作業が終わるのを見計らって眼鏡の男が両手を打ち鳴らす。
「さ、これにて一件落着ですね。いやはや、安心しましたよ」
場の空気が僅かに弛緩した、その瞬間。
「じゃあ説明をしてもらおうじゃねえか」
それを再び緊張させる鋭い声が響いた。
石樹の陰から姿を見せた半蔵はピスティルを伴って彼らの前に進み出る。
「鷹城一真……だけじゃねえな。お前ら鷹城の連れだろ。アルファス=メビウムと柳清士郎。それに“Dゲイズ”の東雲蔵人」
半蔵の鋭い瞳が一人一人を睨みつける。
「そう言うあんたは……」
「桐谷半蔵にピスティル=ミリアム。共に2レベルで、混成部隊の参加者ですよ」
嫌悪感を露わにする真紅ローブの女、アルファスに東雲が補足する。
「まさか、見られてしまうとは。一応注意を払って移動したつもりなんですが」
「高い所からだとそこの寝ぼけ野郎の姿がはっきり見えたぜ」
半蔵が挑発的な笑みを向けながら一真を指した。当の一真は目を丸くして突きつけられた指を見ている。
「で、この状況は一体なんだ。説明してもらおうか」
「説明もなにも。ただ見つけた魔種を狩っただけの話で」
「くだらねえ嘘はやめろ」
「……。そう思う根拠は?」
東雲と半蔵の視線が絡み合う。数秒にらみ合った後、半蔵は鼻を鳴らしながら背を向けて、代わりにピスティルが前に出た。

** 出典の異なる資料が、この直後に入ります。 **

lemma sum_of_bool_intersecting_edges:
  assumes G: "comparison_graph V E"
  shows "(\<Sum>e\<in>E. \<Sum>f\<in>E. of_bool (e \<noteq> f \<and> e \<inter> f \<noteq> {}) :: real) = real (cG V E)"
proof -
  have fin: "finite E"
    using comparison_graph_finite[OF G] by blast
  have "(\<Sum>e\<in>E. \<Sum>f\<in>E. of_bool (e \<noteq> f \<and> e \<inter> f \<noteq> {}) :: real) =
      (\<Sum>p\<in>E \<times> E. of_bool (fst p \<noteq> snd p \<and> fst p \<inter> snd p \<noteq> {}))"
    by (simp add: sum.cartesian_product split_beta)
  also have "\<dots> = real (card ((E \<times> E) \<inter> {p. fst p \<noteq> snd p \<and> fst p \<inter> snd p \<noteq> {}}))"
    using fin by simp
  also have "(E \<times> E) \<inter> {p. fst p \<noteq> snd p \<and> fst p \<inter> snd p \<noteq> {}} =
      {(e, f). e \<in> E \<and> f \<in> E \<and> e \<noteq> f \<and> e \<inter> f \<noteq> {}}"
    by auto
  finally show ?thesis
    by (simp add: card_intersecting_edge_pairs[OF G])
qed
lemma proj_cover_lift:
  assumes N: "module R N" and pc: "proj_cover R N P \<pi>" and T: "mod_hom R N N T"
  obtains t where "mod_hom R P P t" and "\<forall>p\<in>carrier P. \<pi> (t p) = T (\<pi> p)"
proof -
  interpret \<pi>: linear_map R P N \<pi> using proj_cover_linear_map[OF N pc] .
  have PP: "projective R P" and \<pi>_onto: "\<pi> ` carrier P = carrier N"
    using pc unfolding proj_cover_def by auto
  have "\<forall>p\<in>carrier P. \<exists>q\<in>carrier P. \<pi> q = T (\<pi> p)"
  proof
    fix p assume "p \<in> carrier P"
    then have "T (\<pi> p) \<in> \<pi> ` carrier P" using \<pi>_onto T \<pi>.closed unfolding mod_hom_def by auto
    then show "\<exists>q\<in>carrier P. \<pi> q = T (\<pi> p)" by (metis imageE)
  qed
  then show ?thesis
    using that projective_lift[OF PP \<pi>.linear_map_axioms mod_hom_compose[OF \<pi>.mod_hom T]] by blast
qed

lemma proj_cover_lift_mod_iso:
  assumes N: "module R N" and pc: "proj_cover R N P \<pi>" and T: "mod_iso R N N T"
    and t: "mod_hom R P P t" and \<pi>t: "\<And>p. p \<in> carrier P \<Longrightarrow> \<pi> (t p) = T (\<pi> p)"
  shows "mod_iso R P P t"
proof -
  interpret \<pi>: linear_map R P N \<pi> using proj_cover_linear_map[OF N pc] .
  have PP: "projective R P" and \<pi>_onto: "\<pi> ` carrier P = carrier N"
    using pc unfolding proj_cover_def by auto
  have T_inj: "inj_on T (carrier N)" and T_onto: "T ` carrier N = carrier N"
    using T unfolding mod_iso_def bij_betw_def by auto
  interpret t: linear_map R P P t using t by (rule linear_mapI[OF \<pi>.A.module_axioms \<pi>.A.module_axioms])
  have t_onto: "t ` carrier P = carrier P"
  proof (rule proj_cover_endomorphism_surj[OF N pc t])
    fix p assume p: "p \<in> carrier P"
    have "\<pi> p \<in> T ` carrier N" using T_onto \<pi>.closed[OF p] by simp
    then obtain V where V: "\<pi> p = T V" "V \<in> carrier N" by (rule imageE)
    then have "V \<in> \<pi> ` carrier P" using \<pi>_onto by simp
    then obtain q where "V = \<pi> q" "q \<in> carrier P" by (rule imageE)
    then show "\<exists>q\<in>carrier P. \<pi> (t q) = \<pi> p" using V \<pi>t by auto
  qed
  then have "\<forall>p\<in>carrier P. \<exists>q\<in>carrier P. t q = p" by (metis imageE)
  then obtain \<sigma> where \<sigma>: "mod_hom R P P \<sigma>" and t\<sigma>: "\<forall>p\<in>carrier P. t (\<sigma> p) = p"
    by (rule projective_lift[OF PP t.linear_map_axioms mod_hom_id])
  interpret \<sigma>: linear_map R P P \<sigma> using \<sigma> by (rule linear_mapI[OF \<pi>.A.module_axioms \<pi>.A.module_axioms])
  have \<sigma>_onto: "\<sigma> ` carrier P = carrier P"
  proof (rule proj_cover_endomorphism_surj[OF N pc \<sigma>])
    fix p assume p: "p \<in> carrier P"
    have "T (\<pi> (\<sigma> (t p))) = T (\<pi> p)" using \<pi>t[symmetric] t\<sigma> p \<sigma>.closed t.closed by simp
    then have "\<pi> (\<sigma> (t p)) = \<pi> p" using T_inj p \<pi>.closed \<sigma>.closed t.closed by (simp add: inj_on_eq_iff)
    then show "\<exists>q\<in>carrier P. \<pi> (\<sigma> q) = \<pi> p" using p t.closed by blast
  qed
  have "inj_on t (carrier P)"
  proof (rule inj_onI)
    fix p1 p2 assume p: "p1 \<in> carrier P" "p2 \<in> carrier P" and eq: "t p1 = t p2"
    have "p1 \<in> \<sigma> ` carrier P" "p2 \<in> \<sigma> ` carrier P" using p \<sigma>_onto by simp_all
    then obtain q1 q2 where q: "p1 = \<sigma> q1" "q1 \<in> carrier P" "p2 = \<sigma> q2" "q2 \<in> carrier P"
      by (elim imageE)
    then have "q1 = q2" using eq t\<sigma> by simp
    then show "p1 = p2" using q by simp
  qed
  then show ?thesis unfolding mod_iso_def bij_betw_def using t t_onto by blast
qed

theorem proj_cover_automorphism:
  assumes N: "module R N" and pc: "proj_cover R N P \<pi>"
    and ann: "\<And>a U. a \<in> jacobson R \<Longrightarrow> U \<in> carrier N \<Longrightarrow> a \<odot>\<^bsub>N\<^esub> U = \<zero>\<^bsub>N\<^esub>"
    and T: "mod_iso R N N T"
  obtains t \<phi> where "mod_iso R P P t"
    and "mod_iso R (quot P (carrier P) (ideal_mod (jacobson R) P)) N \<phi>"
    and "\<forall>U\<in>carrier (quot P (carrier P) (ideal_mod (jacobson R) P)).
           \<phi> (quot_map P (ideal_mod (jacobson R) P) t U) = T (\<phi> U)"
proof -
  let ?K = "ideal_mod (jacobson R) P"
  interpret \<pi>: linear_map R P N \<pi> using proj_cover_linear_map[OF N pc] .
  interpret T: linear_map R N N T using T unfolding mod_iso_def by (intro linear_mapI[OF N N]) blast
  have K: "{x \<in> carrier P. \<pi> x = \<zero>\<^bsub>N\<^esub>} = ?K" by (rule proj_cover_kernel_eq[OF N pc ann])
  have K_sub: "submodule ?K R P" using \<pi>.submodule_kernel unfolding K .
  obtain t where t: "mod_hom R P P t" and \<pi>t: "\<forall>p\<in>carrier P. \<pi> (t p) = T (\<pi> p)"
    by (rule proj_cover_lift[OF N pc T.mod_hom])
  interpret t: linear_map R P P t using t by (rule linear_mapI[OF \<pi>.A.module_axioms \<pi>.A.module_axioms])
  have "t ` ?K \<subseteq> ?K" unfolding K[symmetric] using \<pi>t T.zero t.closed by auto
  then have "quot_map P ?K t (?K +>\<^bsub>P\<^esub> x) = ?K +>\<^bsub>P\<^esub> t x" if "x \<in> carrier P" for x
    using \<pi>.A.quot_map_rcos[OF K_sub t.linear_map_axioms _ that] by blast
  moreover have "induced_map \<pi> (?K +>\<^bsub>P\<^esub> x) = \<pi> x" if "x \<in> carrier P" for x
    using \<pi>.induced_map_rcos[OF K_sub _ that] K by blast
  ultimately have "induced_map \<pi> (quot_map P ?K t U) = T (induced_map \<pi> U)"
    if "U \<in> carrier (quot P (carrier P) ?K)" for U
    using that \<pi>t t.closed by (auto elim!: quot_carrierE)
  moreover have "mod_iso R P P t" using proj_cover_lift_mod_iso[OF N pc T t] \<pi>t by blast
  moreover have "\<pi> ` carrier P = carrier N" using pc unfolding proj_cover_def by blast
  ultimately show ?thesis using that \<pi>.mod_iso_induced_map[unfolded K] by blast
qed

「まず、私たちは初めから今回の討伐に違和感を覚えていました」
「おい、お前が話すんじゃないの?」
アルファスが半蔵に異議を唱えると、半蔵は顔だけ振り向いて小馬鹿にするように肩をすくめた。
「これが俺らのやり方なんでな」
「面倒な事は全部私なんですよこれが」
「サイテーな男」
「それはどうですかねぇ」
ピスティルが微笑むと、アルファスは余計に腹が立った。それを清士郎がなだめつつ、東雲はピスティルに先を促す。
「こほん。浅層に現れた脅威討伐に鷹城一真が乗り出したその理由は誰もが興味を持つところです。これに関して、一つの憶測があります。あなた達は、超魔爆発によって誕生した脅威を積極的に狩っていると。つまり、あなた達は超魔爆発を追っていると考えたわけです」
「ふーん。でも、それがなんだって? 超魔爆発は未だ原因不明の現象。その解明をあたしたちは依頼されている。それだけの話じゃない?」
豊かな胸を反り返らせて反論するアルファスに、ピスティルはわざと同じような恰好をしながら続ける。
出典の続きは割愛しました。